Bu ikilinin Türkiye'deki ilk sezonları Fenerbahçe için böyle uğursuz bir anla noktalanınca ta ki 90-91 sezonuna dek ne Williams'ın smaçları, blokları ne de Fenerbahçe basketbolu yüreğimizdeki acıyı dindirebilmiş değildi.
Ve bu iki kankinin yolu o sezonun finallerinde bir kez daha kesişti. 20 yıllık çilenin bu kez sonlanacağından emin olarak Bursa'da kazanıp, İstanbul'da kaybettiğimiz serinin devamı için Akdeniz yollarına düşmüştük.

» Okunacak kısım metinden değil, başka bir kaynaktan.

(* Let $k$ be a field of characteristic $0$, $R=k[x_1,\dots,x_n]$, $\ell=x_1+\dots+x_n$, let $d_1,\dots,d_n$ be positive integers such that $I=(x_1^{d_1},\dots,x_{n-1}^{d_{n-1}},x_n^2,\ell^{d_n})$ is minimally generated by these elements, and let $(a_1,\dots,a_{n+1})\in R^{n+1}$ satisfy $a_1x_1^{d_1}+\dots+a_{n-1}x_{n-1}^{d_{n-1}}+a_nx_n^2+a_{n+1}\ell^{d_n}=0$. If $\sum_{i=1}^n(d_i-1)$ is odd, then $$c_1a_1x_1^{d_1-2}+\dots+c_{n-1}a_{n-1}x_{n-1}^{d_{n-1}-2}+a_n+c_na_{n+1}\ell^{d_n-2}\in I,$$ where $c_i=\sum_{j=0}^{\lfloor (d_i-1)/2\rfloor}(d_i-1-2j)^2$. In particular, when $n$ is odd, every relation $(a_1,\dots,a_{n+1})$ of $(x_1^2,\dots,x_n^2,\ell^2)$ (i.e. $\sum_{i=1}^n a_ix_i^2+a_{n+1}\ell^2=0$) satisfies $a_1+\dots+a_{n+1}\in(x_1^2,\dots,x_n^2,\ell^2)$.
   Context: When $c_i=0$ the corresponding term (which may involve a negative exponent formally) is zero. *)

theory Defs
  imports Main "HOL-Library.Poly_Mapping"
begin

text \<open>Multivariate polynomials over a coefficient ring 'a, in variables indexed by nat:
  a polynomial is a finitely supported map from monomials (exponent vectors)
  to coefficients; multiplication is the convolution product of Poly_Mapping.\<close>

type_synonym 'a mpoly = "(nat \<Rightarrow>\<^sub>0 nat) \<Rightarrow>\<^sub>0 'a"

definition Var :: "nat \<Rightarrow> 'a::comm_ring_1 mpoly" where
  "Var i = Poly_Mapping.single (Poly_Mapping.single i 1) 1"

definition Const :: "'a::comm_ring_1 \<Rightarrow> 'a mpoly" where
  "Const c = Poly_Mapping.single 0 c"

definition in_R :: "nat \<Rightarrow> 'a::comm_ring_1 mpoly \<Rightarrow> bool" where
  "in_R n p \<longleftrightarrow> (\<forall>m::nat \<Rightarrow>\<^sub>0 nat. m \<in> Poly_Mapping.keys p \<longrightarrow> Poly_Mapping.keys m \<subseteq> {1..n})"

definition in_ideal :: "nat \<Rightarrow> 'i set \<Rightarrow> ('i \<Rightarrow> 'a::comm_ring_1 mpoly) \<Rightarrow> 'a mpoly \<Rightarrow> bool" where
  "in_ideal n S g f \<longleftrightarrow> (\<exists>b. (\<forall>i\<in>S. in_R n (b i)) \<and> f = (\<Sum>i\<in>S. b i * g i))"

definition minimally_generated :: "nat \<Rightarrow> 'i set \<Rightarrow> ('i \<Rightarrow> 'a::comm_ring_1 mpoly) \<Rightarrow> bool" where
  "minimally_generated n S g \<longleftrightarrow> (\<forall>i\<in>S. \<not> in_ideal n (S - {i}) g (g i))"

definition ell :: "nat \<Rightarrow> 'a::comm_ring_1 mpoly" where
  "ell n = (\<Sum>i=1..n. Var i)"

definition gens :: "nat \<Rightarrow> (nat \<Rightarrow> nat) \<Rightarrow> nat \<Rightarrow> 'a::comm_ring_1 mpoly" where
  "gens n d i = (if i < n then Var i ^ d i else if i = n then Var n ^ 2 else ell n ^ d n)"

Kankiler bu kez finalde karşı karşıyaydı ama bizim adamımız bu kezPete değil Larry Richard olacaktı. Levent Topsakal, Hüsnü, Ferhat Oktay, Altobelli Can, Richard'lı kadro Efe'li Williams'lı Tofaş'a karşı.

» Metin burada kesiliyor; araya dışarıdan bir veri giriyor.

lemma neg_c1_le_of_Psi_bound:
  assumes "ereal c1 * (\<Psi> z - 1) \<le> J"
  shows "ereal (-c1) \<le> J"
proof -
  have "ereal (-c1) \<le> ereal c1 * (\<Psi> z - 1)"
    using Psi_nonneg[of z] c_pos
    by (cases "\<Psi> z") (auto simp: one_ereal_def algebra_simps intro!: mult_nonneg_nonneg)
  then show ?thesis
    using assms by (rule order.trans)
qed

lemma J1_ge: "ereal (-c1) \<le> J1 z"
  by (rule neg_c1_le_of_Psi_bound[OF J1_bounds(1)])

lemma J2_ge: "ereal (-c1) \<le> J2 z"
  by (rule neg_c1_le_of_Psi_bound[OF J2_bounds(1)])

lemma j1_ge: "-c1 \<le> j1 z"
  using J1_ge[of z] c_pos unfolding j1_def by (cases "J1 z") auto

lemma j2_ge: "-c1 \<le> j2 z"
  using J2_ge[of z] c_pos unfolding j2_def by (cases "J2 z") auto

lemma J1_eq_j1: "J1 z \<noteq> \<infinity> \<Longrightarrow> J1 z = ereal (j1 z)"
  using J1_ninf[of z] unfolding j1_def by (cases "J1 z") auto

lemma J2_eq_j2: "J2 z \<noteq> \<infinity> \<Longrightarrow> J2 z = ereal (j2 z)"
  using J2_ninf[of z] unfolding j2_def by (cases "J2 z") auto

lemma J0_le_split: "J0 z \<le> J2 z + (J1 a + J1 (2 * z - a)) / 2"
proof -
  have "Inf {J1 z1 + J1 z2 | z1 z2. z1 + z2 = 2 * z} \<le> J1 a + J1 (2 * z - a)"
    by (rule Inf_lower, intro CollectI exI[of _ a] exI[of _ "2 * z - a"]) simp
  then show ?thesis
    unfolding J0fun_def by (intro add_left_mono ereal_divide_right_mono) auto
qed

lemma J0_ge_J2: "J2 z + ereal (-c1) \<le> J0 z"
proof -
  have "ereal (-2 * c1) \<le> Inf {J1 z1 + J1 z2 | z1 z2. z1 + z2 = 2 * z}"
  proof (rule Inf_greatest, clarify)
    fix z1 z2 :: real
    show "ereal (-2 * c1) \<le> J1 z1 + J1 z2"
      using add_mono[OF J1_ge[of z1] J1_ge[of z2]] by simp
  qed
  then have "ereal (-c1) \<le> Inf {J1 z1 + J1 z2 | z1 z2. z1 + z2 = 2 * z} / 2"
    by (cases "Inf {J1 z1 + J1 z2 | z1 z2. z1 + z2 = 2 * z}") auto
  then show ?thesis
    unfolding J0fun_def by (rule add_left_mono)
qed

lemma J_finite_pos: "0 < z \<Longrightarrow> J1 z \<noteq> \<infinity>" "0 < z \<Longrightarrow> J2 z \<noteq> \<infinity>"
  using dom_pos dom_eq unfolding edom_def by auto

lemma J0_eq_j_pos:
  assumes "0 < z"
  shows "J0 z = ereal (j z)"
proof -
  have "J0 z \<noteq> \<infinity>"
    using J0_le_split[of z z] J_finite_pos[OF assms] J1_ninf[of z] J2_ninf[of z]
    by (cases "J1 z"; cases "J2 z") auto
  moreover have "J0 z \<noteq> -\<infinity>"
    using J0_ge_J2[of z] J2_ninf[of z] by auto
  ultimately show ?thesis
    unfolding j_def by (cases "J0 z") auto
qed

lemma J0_ge_J0_gamma: "J0 \<gamma> \<le> J0 z"
  using argmin_J0 by auto

lemma Psi_max_le:
  assumes "ereal c1 * (\<Psi> x - 1) \<le> ereal M" "\<bar>x\<bar> \<le> B"
  shows "ereal c2 * max (\<Psi> x) (ereal \<bar>x\<bar>) \<le> ereal (c2 * max (M / c1 + 1) B)"
proof -
  have "\<Psi> x \<le> ereal (M / c1 + 1)"
  proof (cases "\<Psi> x")
    case (real r)
    then have "c1 * (r - 1) \<le> M"
      using assms(1) by (simp add: one_ereal_def)
    then have "r - 1 \<le> M / c1"
      using c_pos(1) by (simp add: pos_le_divide_eq mult.commute)
    then show ?thesis
      using real by simp
  qed (use assms(1) c_pos Psi_nonneg[of x] in auto)
  then have "max (\<Psi> x) (ereal \<bar>x\<bar>) \<le> ereal (max (M / c1 + 1) B)"
    unfolding ereal_max using assms(2) by (intro max.mono) auto
  then have "ereal c2 * max (\<Psi> x) (ereal \<bar>x\<bar>) \<le> ereal c2 * ereal (max (M / c1 + 1) B)"
    using c_pos by (intro ereal_mult_left_mono) auto
  then show ?thesis
    by (simp only: times_ereal.simps(1))
qed

lemma J1_le_of_J2_le:
  assumes "J2 x \<le> ereal M" "\<bar>x\<bar> \<le> B"
  shows "J1 x \<le> ereal (c2 * max (M / c1 + 1) B)"
  using J1_bounds(2) Psi_max_le[OF order.trans[OF J2_bounds(1) assms(1)] assms(2)]
  by (rule order.trans)

lemma J2_le_of_J1_le:
  assumes "J1 x \<le> ereal M" "\<bar>x\<bar> \<le> B"
  shows "J2 x \<le> ereal (c2 * max (M / c1 + 1) B)"
  using J2_bounds(2) Psi_max_le[OF order.trans[OF J1_bounds(1) assms(1)] assms(2)]
  by (rule order.trans)

lemma j1_superlinear: "\<exists>W. \<forall>w\<le>W. J1 w \<noteq> \<infinity> \<longrightarrow> K * \<bar>w\<bar> - c1 \<le> j1 w"
proof -
  have "eventually (\<lambda>w. ereal (K / c1) < \<Psi> w / ereal \<bar>w\<bar>) at_bot"
    by (rule order_tendstoD(1)[OF Psi_superlin]) simp
  then obtain W where W: "\<And>w. w \<le> W \<Longrightarrow> ereal (K / c1) < \<Psi> w / ereal \<bar>w\<bar>"
    by (auto simp: eventually_at_bot_linorder)
  have "K * \<bar>w\<bar> - c1 \<le> j1 w" if "w \<le> min W (-1)" "J1 w \<noteq> \<infinity>" for w
  proof -
    have Psi_le: "ereal c1 * (\<Psi> w - 1) \<le> ereal (j1 w)"
      using J1_bounds(1)[of w] J1_eq_j1[OF that(2)] by simp
    then obtain s where s: "\<Psi> w = ereal s"
      using c_pos Psi_nonneg[of w] by (cases "\<Psi> w") auto
    have w: "0 < \<bar>w\<bar>"
      using that by auto
    then have "K / c1 < s / \<bar>w\<bar>"
      using W[of w] that s by simp
    then have "K * \<bar>w\<bar> < c1 * s"
      using c_pos w by (simp add: field_simps)
    moreover have "c1 * (s - 1) \<le> j1 w"
      using Psi_le s by (simp add: one_ereal_def)
    ultimately show ?thesis
      by (simp add: algebra_simps)
  qed
  then show ?thesis
    by blast
qed

lemma G_ge_J0_gamma: "ereal (j \<gamma>) \<le> G z"
  using J0_ge_J0_gamma J0_eq_j_pos[OF gamma_pos] by (intro biconj_ge_const) simp

lemma G_finite_pos: "0 < z \<Longrightarrow> G z \<noteq> \<infinity>"
  using biconj_le[of J0 z] J0_eq_j_pos[of z] by auto

lemma G_eq_g: "G z \<noteq> \<infinity> \<Longrightarrow> G z = ereal (g z)"
  using G_ge_J0_gamma[of z] unfolding g_def by (cases "G z") auto

lemma g_convex: "convex_on {x. G x \<noteq> \<infinity>} g"
proof -
  have "G x \<noteq> -\<infinity>" for x
    using G_ge_J0_gamma[of x] by auto
  then show ?thesis
    unfolding g_def[abs_def]
    by (intro convex_on_biconj[of J0 \<gamma>]) (auto simp: J0_eq_j_pos[OF gamma_pos])
qed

Körfez savaşı sebebiyle tüm Amerikalı'lar ülkeyi terkederken bu ikili iş ahlakları gereği kendilerine güvenen ve seven basketbol sevdalılarını kırmamış, bizleri terketmemişlerdi.

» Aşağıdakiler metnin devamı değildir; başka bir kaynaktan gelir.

definition cmat :: "real mat \<Rightarrow> complex mat" where
  "cmat M = map_mat complex_of_real M"

end

theory Submission
  imports Defs "HOL-Analysis.Convex"
begin

(* If B v = m v with v nonzero, then m^2 v = Q1 A^* Q2 A v.  Unitary matrices preserve norms, so
   |m|^4 |v|^2 = |A^* (Q2 A v)|^2, and both A and A^* scale squared norms by a factor between
   sigma_min(A)^2 and sigma_max(A)^2, because A^* A and A A^* have the same spectrum.

   These Rayleigh bounds are derived without the spectral theorem.  For a Hermitian H the sequence
   |H^k x|^2 is log-convex (Cauchy-Schwarz), so it grows at least geometrically with ratio
   |H x|^2 / |x|^2; on the other hand the Jordan normal form bounds all powers of H / s when s
   exceeds the spectral radius.  Hence |H x| <= rho(H) |x|, which applied to A^* A and to
   rho(A^* A) I - A^* A yields the upper and the lower bound.  The real case follows by
   complexification. *)

lemma mat_adjoint_dim [simp]:
  "dim_row (mat_adjoint A) = dim_col A" "dim_col (mat_adjoint A) = dim_row A"
  by (simp_all add: mat_adjoint_def)

lemma mat_adjoint_carrier [simp]: "A \<in> carrier_mat n m \<Longrightarrow> mat_adjoint A \<in> carrier_mat m n"
  by auto

lemma mat_adjoint_index [simp]:
  "i < dim_col A \<Longrightarrow> j < dim_row A \<Longrightarrow> mat_adjoint A $$ (i, j) = conjugate (A $$ (j, i))"
  by (simp add: mat_adjoint_def mat_of_rows_def)

lemma mat_adjoint_adjoint: "mat_adjoint (mat_adjoint A) = A"
  by (rule eq_matI) auto

lemma mat_adjoint_mult:
  assumes "A \<in> carrier_mat n k" and "B \<in> carrier_mat k m"
  shows "mat_adjoint (A * B) = mat_adjoint B * mat_adjoint A"
  using assms
  by (intro eq_matI)
    (auto simp: scalar_prod_def sum_conjugate conjugate_dist_mul mult.commute intro!: sum.cong)

lemma mat_adjoint_smult:
  "A \<in> carrier_mat n m \<Longrightarrow> mat_adjoint (c \<cdot>\<^sub>m A) = conjugate c \<cdot>\<^sub>m mat_adjoint A"
  by (intro eq_matI) (auto simp: conjugate_dist_mul)

lemma conjugate_diff: "conjugate (a - b) = conjugate a - conjugate (b :: 'a :: conjugatable_ring)"
  by (metis conjugate_dist_add conjugate_neg diff_conv_add_uminus)

lemma mat_adjoint_scalar_minus:
  assumes "A \<in> carrier_mat n n"
  shows "mat_adjoint (c \<cdot>\<^sub>m 1\<^sub>m n - A) = conjugate c \<cdot>\<^sub>m 1\<^sub>m n - mat_adjoint A"
  using assms by (intro eq_matI) (auto simp: conjugate_diff)

lemma smult_mat_mult_vec:
  "A \<in> carrier_mat n m \<Longrightarrow> v \<in> carrier_vec m \<Longrightarrow> (c \<cdot>\<^sub>m A) *\<^sub>v v = c \<cdot>\<^sub>v (A *\<^sub>v v)"
  by (intro eq_vecI) (auto simp: scalar_prod_def sum_distrib_left algebra_simps)

lemma scalar_minus_mult_vec:
  fixes A :: "'a :: comm_ring_1 mat"
  assumes A: "A \<in> carrier_mat n n" and v: "v \<in> carrier_vec n"
  shows "(c \<cdot>\<^sub>m 1\<^sub>m n - A) *\<^sub>v v = c \<cdot>\<^sub>v v - A *\<^sub>v v"
proof -
  have "(c \<cdot>\<^sub>m 1\<^sub>m n - A) *\<^sub>v v = (c \<cdot>\<^sub>m 1\<^sub>m n) *\<^sub>v v - A *\<^sub>v v"
    using A v by (intro minus_mult_distrib_mat_vec) auto
  then show ?thesis
    using v by (simp add: smult_mat_mult_vec[OF one_carrier_mat])
qed

lemma pow_mat_Suc_left: "A \<in> carrier_mat n n \<Longrightarrow> A ^\<^sub>m Suc k = A * A ^\<^sub>m k"
proof (induction k)
  case (Suc k)
  then have "A ^\<^sub>m Suc (Suc k) = (A * A ^\<^sub>m k) * A"
    by simp
  also have "\<dots> = A * A ^\<^sub>m Suc k"
    using Suc.prems by (simp add: assoc_mult_mat[of _ n n _ n _ n])
  finally show ?case .
qed simp

lemma pow_mat_Suc_mult_vec:
  assumes A: "A \<in> carrier_mat n n" and v: "v \<in> carrier_vec n"
  shows "(A ^\<^sub>m Suc k) *\<^sub>v v = A *\<^sub>v ((A ^\<^sub>m k) *\<^sub>v v)"
proof -
  have "(A ^\<^sub>m Suc k) *\<^sub>v v = (A * A ^\<^sub>m k) *\<^sub>v v"
    by (simp only: pow_mat_Suc_left[OF A])
  also have "\<dots> = A *\<^sub>v ((A ^\<^sub>m k) *\<^sub>v v)"
    using A v by (intro assoc_mult_mat_vec) auto
  finally show ?thesis .
qed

Garip bir tesadüf dananın kuyruğunun kopacağı maç öncesi her iki oyuncununda sahaya çıkabileceği hala meçhuldü. Williams'ın fıtığı Richard'ın kan şekeri başa bela olmuştu hatta Antalya'da hayatımda gördüğüm en boğucu ve sıcak atmosfere sahip spor salonunda işkence görürcesine maçı beklerken, sabah gazetelerde okuduğumuz Richard'ın sarılık olduğu ve sürekli serum yüklemesi yapıldığı büyük ihtimalle de final maçında oynayamayacağı haberinin doğruluk payını hala bilemiyorduk. Bu bir yıkım olurdu zira Richard her maçta 40 dk boyunca oynayan alternatifsiz bir koca yürekli pivottu. Onsuz maç kazanmamız hele de bu maç Tofaş'la oynanıyorsa pek mümkün değildi.
Neyse ki sahaya çıkan müfreze Richard'tan yoksun değildi ama tüm maç boyunca bitkin hali sebebiyle ne o etkili olabilmiş ne de artık Tofaş'ın umudu olan Williams maç boyunca kasığını tutmaktan, her zıplayışında acıyla kıvranmaktan maça kendini verebilmişti.
Hüsnü'nün bulduğu yerden salladığı 3 lüklerle kazandık.
Maç sonunda iki yakın arkadaş savaştan sağ kurtulmuş gaziler gibiydi. Ayakta duracak hali olmayan Richard'ında her adım atışını azaba çeviren sakatlığına rağmen formasının hakkını veren Williams'ında sporcu ahlaklarının ''profesyonel oyuncuyum'' klişesinden öte anlamlarla yüklü olduğunu bir kez daha anlamıştık o gün.

1 yorum:

agopist dedi ki...

Fotoğraf harika. Arşive göndereyim hemen:)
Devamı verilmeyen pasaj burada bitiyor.